Copying nothing before it, reproduce the line that holds "< widths (Suc" and every line after it in the data, exactly.

Supplied material
————————

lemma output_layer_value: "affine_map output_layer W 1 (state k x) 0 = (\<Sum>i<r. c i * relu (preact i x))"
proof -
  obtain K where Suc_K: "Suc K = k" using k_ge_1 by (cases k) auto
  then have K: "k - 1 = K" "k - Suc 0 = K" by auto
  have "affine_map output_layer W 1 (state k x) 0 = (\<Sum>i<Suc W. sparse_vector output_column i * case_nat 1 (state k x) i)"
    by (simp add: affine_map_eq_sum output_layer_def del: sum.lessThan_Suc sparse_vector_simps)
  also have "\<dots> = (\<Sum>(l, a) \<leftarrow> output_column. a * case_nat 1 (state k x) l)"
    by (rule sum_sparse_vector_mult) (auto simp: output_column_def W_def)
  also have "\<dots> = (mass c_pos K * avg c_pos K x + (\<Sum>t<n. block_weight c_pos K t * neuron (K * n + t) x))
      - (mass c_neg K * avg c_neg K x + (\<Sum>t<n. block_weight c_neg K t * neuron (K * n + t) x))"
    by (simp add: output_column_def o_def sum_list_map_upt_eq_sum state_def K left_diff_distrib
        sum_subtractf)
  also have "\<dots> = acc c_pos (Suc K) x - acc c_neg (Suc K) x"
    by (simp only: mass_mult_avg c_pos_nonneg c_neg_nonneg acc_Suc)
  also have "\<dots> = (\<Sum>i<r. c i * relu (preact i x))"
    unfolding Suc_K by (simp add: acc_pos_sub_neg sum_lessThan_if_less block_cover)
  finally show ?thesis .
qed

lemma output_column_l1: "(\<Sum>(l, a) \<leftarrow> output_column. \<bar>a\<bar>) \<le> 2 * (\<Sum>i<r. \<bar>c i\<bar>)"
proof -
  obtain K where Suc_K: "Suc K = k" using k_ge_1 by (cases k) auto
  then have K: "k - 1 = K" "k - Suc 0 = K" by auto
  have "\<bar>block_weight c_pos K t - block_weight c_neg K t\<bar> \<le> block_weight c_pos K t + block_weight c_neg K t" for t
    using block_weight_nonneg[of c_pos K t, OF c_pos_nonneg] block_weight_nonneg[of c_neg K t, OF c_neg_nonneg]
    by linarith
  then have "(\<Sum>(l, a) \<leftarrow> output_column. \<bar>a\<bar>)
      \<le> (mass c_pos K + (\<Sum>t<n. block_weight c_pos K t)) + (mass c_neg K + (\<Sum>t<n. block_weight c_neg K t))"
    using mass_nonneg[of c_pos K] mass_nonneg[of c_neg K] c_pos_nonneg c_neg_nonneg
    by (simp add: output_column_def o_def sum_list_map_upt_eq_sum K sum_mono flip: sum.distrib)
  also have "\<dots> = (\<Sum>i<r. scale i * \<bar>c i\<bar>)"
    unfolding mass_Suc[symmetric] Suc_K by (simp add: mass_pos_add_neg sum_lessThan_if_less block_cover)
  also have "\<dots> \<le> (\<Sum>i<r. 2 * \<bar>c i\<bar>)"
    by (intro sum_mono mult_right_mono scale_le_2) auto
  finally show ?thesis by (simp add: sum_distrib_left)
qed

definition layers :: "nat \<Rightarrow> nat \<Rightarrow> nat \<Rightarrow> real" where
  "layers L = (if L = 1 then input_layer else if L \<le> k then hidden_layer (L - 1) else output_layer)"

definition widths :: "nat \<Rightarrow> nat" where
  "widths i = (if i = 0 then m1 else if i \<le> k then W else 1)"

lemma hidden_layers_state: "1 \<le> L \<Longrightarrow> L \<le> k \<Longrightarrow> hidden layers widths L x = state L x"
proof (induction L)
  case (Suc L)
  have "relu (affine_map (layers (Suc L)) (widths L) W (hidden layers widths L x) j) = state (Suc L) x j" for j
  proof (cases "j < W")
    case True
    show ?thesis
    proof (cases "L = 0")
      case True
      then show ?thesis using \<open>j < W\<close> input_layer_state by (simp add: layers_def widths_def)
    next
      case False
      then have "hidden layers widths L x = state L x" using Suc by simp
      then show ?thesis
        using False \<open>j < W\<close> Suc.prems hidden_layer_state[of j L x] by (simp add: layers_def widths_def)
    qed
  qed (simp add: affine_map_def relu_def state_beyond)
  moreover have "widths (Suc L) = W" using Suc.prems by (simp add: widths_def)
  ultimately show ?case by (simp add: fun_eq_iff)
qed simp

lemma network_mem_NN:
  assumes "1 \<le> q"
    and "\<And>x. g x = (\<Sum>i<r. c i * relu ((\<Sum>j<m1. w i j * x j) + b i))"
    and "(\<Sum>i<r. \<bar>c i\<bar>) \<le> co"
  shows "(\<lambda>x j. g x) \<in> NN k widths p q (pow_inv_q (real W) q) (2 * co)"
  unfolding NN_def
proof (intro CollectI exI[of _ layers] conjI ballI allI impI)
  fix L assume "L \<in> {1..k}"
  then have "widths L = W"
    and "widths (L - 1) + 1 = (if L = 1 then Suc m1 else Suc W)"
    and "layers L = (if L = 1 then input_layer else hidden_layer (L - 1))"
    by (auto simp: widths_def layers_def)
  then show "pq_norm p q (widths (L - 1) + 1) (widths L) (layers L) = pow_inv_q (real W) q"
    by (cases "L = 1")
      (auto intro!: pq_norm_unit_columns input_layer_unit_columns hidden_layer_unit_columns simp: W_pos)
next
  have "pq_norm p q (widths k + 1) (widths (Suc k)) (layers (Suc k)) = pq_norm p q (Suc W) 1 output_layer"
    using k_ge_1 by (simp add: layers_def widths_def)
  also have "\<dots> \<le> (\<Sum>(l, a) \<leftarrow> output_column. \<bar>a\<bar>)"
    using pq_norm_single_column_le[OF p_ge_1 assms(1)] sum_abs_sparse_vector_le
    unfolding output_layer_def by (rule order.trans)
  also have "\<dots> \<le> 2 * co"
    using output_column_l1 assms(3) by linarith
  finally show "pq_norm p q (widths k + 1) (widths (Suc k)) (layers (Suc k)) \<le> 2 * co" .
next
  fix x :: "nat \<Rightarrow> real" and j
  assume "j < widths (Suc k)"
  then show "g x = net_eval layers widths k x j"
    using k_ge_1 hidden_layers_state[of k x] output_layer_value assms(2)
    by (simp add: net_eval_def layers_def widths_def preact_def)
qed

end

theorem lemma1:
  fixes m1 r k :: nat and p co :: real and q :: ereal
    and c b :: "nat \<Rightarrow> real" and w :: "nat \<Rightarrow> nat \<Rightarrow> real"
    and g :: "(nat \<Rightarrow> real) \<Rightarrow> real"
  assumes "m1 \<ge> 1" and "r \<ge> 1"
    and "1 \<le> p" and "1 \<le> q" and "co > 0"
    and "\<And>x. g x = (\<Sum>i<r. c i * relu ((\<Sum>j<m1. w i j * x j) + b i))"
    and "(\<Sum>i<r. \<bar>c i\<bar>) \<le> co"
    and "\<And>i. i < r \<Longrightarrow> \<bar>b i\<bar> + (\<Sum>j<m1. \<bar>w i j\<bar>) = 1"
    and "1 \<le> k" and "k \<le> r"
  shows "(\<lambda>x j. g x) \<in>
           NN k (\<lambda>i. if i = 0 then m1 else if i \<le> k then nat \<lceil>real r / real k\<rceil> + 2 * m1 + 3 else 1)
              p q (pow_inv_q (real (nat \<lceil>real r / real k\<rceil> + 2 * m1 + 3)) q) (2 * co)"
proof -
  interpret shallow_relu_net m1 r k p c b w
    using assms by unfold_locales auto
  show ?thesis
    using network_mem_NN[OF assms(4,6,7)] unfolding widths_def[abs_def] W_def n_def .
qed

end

————————

Solution below
  assume "j < widths (Suc k)"
  then show "g x = net_eval layers widths k x j"
    using k_ge_1 hidden_layers_state[of k x] output_layer_value assms(2)
    by (simp add: net_eval_def layers_def widths_def preact_def)
qed

end

theorem lemma1:
  fixes m1 r k :: nat and p co :: real and q :: ereal
    and c b :: "nat \<Rightarrow> real" and w :: "nat \<Rightarrow> nat \<Rightarrow> real"
    and g :: "(nat \<Rightarrow> real) \<Rightarrow> real"
  assumes "m1 \<ge> 1" and "r \<ge> 1"
    and "1 \<le> p" and "1 \<le> q" and "co > 0"
    and "\<And>x. g x = (\<Sum>i<r. c i * relu ((\<Sum>j<m1. w i j * x j) + b i))"
    and "(\<Sum>i<r. \<bar>c i\<bar>) \<le> co"
    and "\<And>i. i < r \<Longrightarrow> \<bar>b i\<bar> + (\<Sum>j<m1. \<bar>w i j\<bar>) = 1"
    and "1 \<le> k" and "k \<le> r"
  shows "(\<lambda>x j. g x) \<in>
           NN k (\<lambda>i. if i = 0 then m1 else if i \<le> k then nat \<lceil>real r / real k\<rceil> + 2 * m1 + 3 else 1)
              p q (pow_inv_q (real (nat \<lceil>real r / real k\<rceil> + 2 * m1 + 3)) q) (2 * co)"
proof -
  interpret shallow_relu_net m1 r k p c b w
    using assms by unfold_locales auto
  show ?thesis
    using network_mem_NN[OF assms(4,6,7)] unfolding widths_def[abs_def] W_def n_def .
qed

end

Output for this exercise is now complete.